**Action item:** Pick out each line with the word "assms" from the material that follows.

>>>

lemma sym_pos_def_coercive:
  fixes P :: "real^'n^'n"
  assumes "sym_pos_def P"
  obtains c where "c > 0" "\<And>x. c * (norm x)\<^sup>2 \<le> wnorm2 P x"
proof -
  have "continuous_on (sphere 0 1) (wnorm2 P)"
    unfolding wnorm2_def
    by (intro continuous_intros bounded_linear.continuous_on[OF matrix_vector_mul_bounded_linear])
  moreover have "axis undefined 1 \<in> sphere (0::real^'n) 1"
    by simp
  ultimately obtain x0 where x0: "x0 \<in> sphere 0 1"
    and x0_min: "\<And>y. y \<in> sphere 0 1 \<Longrightarrow> wnorm2 P x0 \<le> wnorm2 P y"
    using continuous_attains_inf[OF compact_sphere] by blast
  have "wnorm2 P x0 > 0"
    using x0 assms unfolding sym_pos_def_def wnorm2_def
    by (metis mem_sphere_0 norm_zero zero_neq_one)
  moreover have "wnorm2 P x0 * (norm x)\<^sup>2 \<le> wnorm2 P x" for x
  proof (cases "x = 0")
    case False
    have "wnorm2 P x0 \<le> wnorm2 P ((1 / norm x) *\<^sub>R x)"
      using False by (intro x0_min) simp
    also have "\<dots> = wnorm2 P x / (norm x)\<^sup>2"
      by (simp add: wnorm2_scaleR power_divide)
    finally show ?thesis
      using False by (simp add: field_simps)
  qed simp
  ultimately show ?thesis
    by (rule that)
qed

lemma wnorm2_bounded:
  fixes P :: "real^'n^'n"
  obtains C where "C > 0" "\<And>x. wnorm2 P x \<le> C * (norm x)\<^sup>2"
proof -
  obtain C where "C > 0" and C: "\<And>x. norm (P *v x) \<le> norm x * C"
    using bounded_linear.pos_bounded[OF matrix_vector_mul_bounded_linear[of P]] by blast
  have "wnorm2 P x \<le> C * (norm x)\<^sup>2" for x
  proof -
    have "wnorm2 P x \<le> norm x * norm (P *v x)"
      unfolding wnorm2_def by (rule norm_cauchy_schwarz)
    also have "\<dots> \<le> norm x * (norm x * C)"
      by (intro mult_left_mono C) simp
    finally show ?thesis
      by (simp add: power2_eq_square mult_ac)
  qed
  with \<open>C > 0\<close> show ?thesis
    by (rule that)
qed

lemma wnorm2_le_imp_norm_le:
  fixes P Q :: "real^'n^'n"
  assumes "sym_pos_def Q"
  obtains K where "K \<ge> 0" "\<And>x y. wnorm2 Q x \<le> wnorm2 P y \<Longrightarrow> norm x \<le> K * norm y"
proof -
  obtain c where "c > 0" and c: "\<And>x. c * (norm x)\<^sup>2 \<le> wnorm2 Q x"
    using sym_pos_def_coercive[OF assms] by blast
  obtain C where "C > 0" and C: "\<And>y. wnorm2 P y \<le> C * (norm y)\<^sup>2"
    using wnorm2_bounded by blast
  have "norm x \<le> sqrt (C / c) * norm y" if "wnorm2 Q x \<le> wnorm2 P y" for x y
  proof -
    have "(norm x)\<^sup>2 \<le> (sqrt (C / c) * norm y)\<^sup>2"
      using c[of x] C[of y] that \<open>c > 0\<close> \<open>C > 0\<close> by (simp add: power_mult_distrib field_simps)
    then show ?thesis
      by (rule power2_le_imp_le) (use \<open>c > 0\<close> \<open>C > 0\<close> in simp)
  qed
  moreover have "sqrt (C / c) \<ge> 0"
    using \<open>c > 0\<close> \<open>C > 0\<close> by simp
  ultimately show ?thesis
    using that by blast
qed

lemma wnorm2_tendsto_zero_imp_tendsto_zero:
  fixes x :: "nat \<Rightarrow> real^'n"
  assumes "sym_pos_def Q" and "(\<lambda>k. wnorm2 Q (x k)) \<longlonglongrightarrow> 0"
  shows "x \<longlonglongrightarrow> 0"
proof -
  obtain c where "c > 0" and c: "\<And>x. c * (norm x)\<^sup>2 \<le> wnorm2 Q x"
    using sym_pos_def_coercive[OF assms(1)] by blast
  show ?thesis
  proof (rule Lim_null_comparison)
    show "\<forall>\<^sub>F k in sequentially. norm (x k) \<le> sqrt (wnorm2 Q (x k) / c)"
      using c \<open>c > 0\<close> by (intro always_eventually allI) (simp add: real_le_rsqrt field_simps)
    show "(\<lambda>k. sqrt (wnorm2 Q (x k) / c)) \<longlonglongrightarrow> 0"
      using tendsto_real_sqrt[OF tendsto_divide_zero[OF assms(2), of c]] by simp
  qed
qed

lemma dissipation_tendsto_zero:
  fixes a g :: "nat \<Rightarrow> real"
  assumes "\<And>k. 0 \<le> a k" and "\<And>k. 0 \<le> g k" and "\<And>k. a (Suc k) + g k \<le> a k"
  shows "g \<longlonglongrightarrow> 0"
proof -
  have partial_sums: "(\<Sum>j<k. g j) \<le> a 0 - a k" for k
  proof (induction k)
    case (Suc k)
    then show ?case
      using assms(3)[of k] by simp
  qed simp
  have "summable g"
  proof (rule summableI_nonneg_bounded)
    show "0 \<le> g k" for k
      by (rule assms(2))
    show "(\<Sum>j<k. g j) \<le> a 0" for k
      using partial_sums[of k] assms(1)[of k] by linarith
  qed
  then show ?thesis
    by (rule summable_LIMSEQ_zero)
qed

lemma dissipation_le_initial:
  fixes a g :: "nat \<Rightarrow> real"
  assumes "\<And>k. 0 \<le> g k" and "\<And>k. a (Suc k) + g k \<le> a k"
  shows "a k \<le> a 0"
proof -
  have "a (Suc k) \<le> a k" for k
    using assms(1)[of k] assms(2)[of k] by linarith
  then have "decseq a"
    by (rule decseq_SucI)
  then show ?thesis
    by (simp add: decseqD)
qed


definition regulation_cost ::
  "real^'n^'n \<Rightarrow> real^'m^'n \<Rightarrow> real \<Rightarrow> real^'n^'n \<Rightarrow> real^'n^'n \<Rightarrow> real^'m^'m \<Rightarrow> nat
   \<Rightarrow> real^'n \<Rightarrow> (nat \<Rightarrow> real^'m) \<Rightarrow> real" where
  "regulation_cost A Bq h P Q R N e U =
     wnorm2 P (xpred A Bq h e U N) + (\<Sum>n<N. wnorm2 Q (xpred A Bq h e U n) + wnorm2 R (U n))"

definition regulation_optimal ::
  "real^'n^'n \<Rightarrow> real^'m^'n \<Rightarrow> real \<Rightarrow> real^'n^'n \<Rightarrow> real^'n^'n \<Rightarrow> real^'m^'m \<Rightarrow> nat
   \<Rightarrow> real^'n \<Rightarrow> (nat \<Rightarrow> real^'m) \<Rightarrow> bool" where
  "regulation_optimal A Bq h P Q R N e U \<longleftrightarrow> admissible N U \<and>
     (\<forall>V. admissible N V \<longrightarrow> regulation_cost A Bq h P Q R N e U \<le> regulation_cost A Bq h P Q R N e V)"

lemma xpred_diff_free_response:
  "xpred A Bq h x U n - mpow A n *v r = xpred A Bq h (x - r) U n"
proof (induction n)
  case (Suc n)
  have "xpred A Bq h x U (Suc n) - mpow A (Suc n) *v r
      = A *v (xpred A Bq h x U n - mpow A n *v r) + h *\<^sub>R (Bq *v U n)"
    by (simp add: matrix_vector_mult_diff_distrib matrix_vector_mul_assoc[symmetric])
  then show ?case
    using Suc by simp
qed simp

lemma mpc_cost_eq_regulation_cost:
  "mpc_cost (mexp (h *\<^sub>R H)) Bq H h P Q R N x r U
     = regulation_cost (mexp (h *\<^sub>R H)) Bq h P Q R N (x - r) U"
  unfolding mpc_cost_def regulation_cost_def xrefpred_def xpred_diff_free_response ..

lemma mpc_optimal_iff_regulation_optimal:
  "mpc_optimal (mexp (h *\<^sub>R H)) Bq H h P Q R N x r U
     \<longleftrightarrow> regulation_optimal (mexp (h *\<^sub>R H)) Bq h P Q R N (x - r) U"
  unfolding mpc_optimal_def regulation_optimal_def mpc_cost_eq_regulation_cost ..

lemma xpred_cong:
  "(\<And>i. i < n \<Longrightarrow> U i = V i) \<Longrightarrow> xpred A Bq h x U n = xpred A Bq h x V n"
  by (induction n) auto

lemma xpred_Suc_shift:
  "xpred A Bq h x U (Suc n) = xpred A Bq h (xpred A Bq h x U 1) (\<lambda>i. U (Suc i)) n"
  by (induction n) auto

lemma regulation_cost_ge_stage_cost:
  assumes "N \<ge> 1" and "sym_pos_def P" and "sym_pos_def Q" and "sym_pos_def R"
  shows "wnorm2 Q e \<le> regulation_cost A Bq h P Q R N e U"
proof -
  obtain M where N: "N = Suc M"
    using assms(1) by (cases N) auto
  have "0 \<le> (\<Sum>n<M. wnorm2 Q (xpred A Bq h e U (Suc n)) + wnorm2 R (U (Suc n)))"
    by (intro sum_nonneg add_nonneg_nonneg wnorm2_nonneg assms)
  moreover have "0 \<le> wnorm2 P (xpred A Bq h e U N)" and "0 \<le> wnorm2 R (U 0)"
    by (intro wnorm2_nonneg assms)+
  ultimately show ?thesis
    unfolding regulation_cost_def N sum.lessThan_Suc_shift by simp
qed

lemma regulation_cost_zero_input_le:
  assumes "neg_def (Q - P + transpose A ** P ** A)"
  shows "regulation_cost A Bq h P Q R N e (\<lambda>_. 0) \<le> wnorm2 P e"
proof -
  let ?x = "xpred A Bq h e (\<lambda>_. 0)"
  have "wnorm2 P (?x N) + (\<Sum>n<N. wnorm2 Q (?x n)) \<le> wnorm2 P e"
  proof (induction N)
    case (Suc N)
    then show ?case
      using wnorm2_lyapunov_decrease[OF assms, of "?x N"] by simp
  qed simp
  then show ?thesis
    by (simp add: regulation_cost_def)
qed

<<<

**Answer area:**
    using x0 assms unfolding sym_pos_def_def wnorm2_def
    using sym_pos_def_coercive[OF assms] by blast
    using sym_pos_def_coercive[OF assms(1)] by blast
      using tendsto_real_sqrt[OF tendsto_divide_zero[OF assms(2), of c]] by simp
      using assms(3)[of k] by simp
      by (rule assms(2))
      using partial_sums[of k] assms(1)[of k] by linarith
    using assms(1)[of k] assms(2)[of k] by linarith
    using assms(1) by (cases N) auto
    by (intro sum_nonneg add_nonneg_nonneg wnorm2_nonneg assms)
    by (intro wnorm2_nonneg assms)+
      using wnorm2_lyapunov_decrease[OF assms, of "?x N"] by simp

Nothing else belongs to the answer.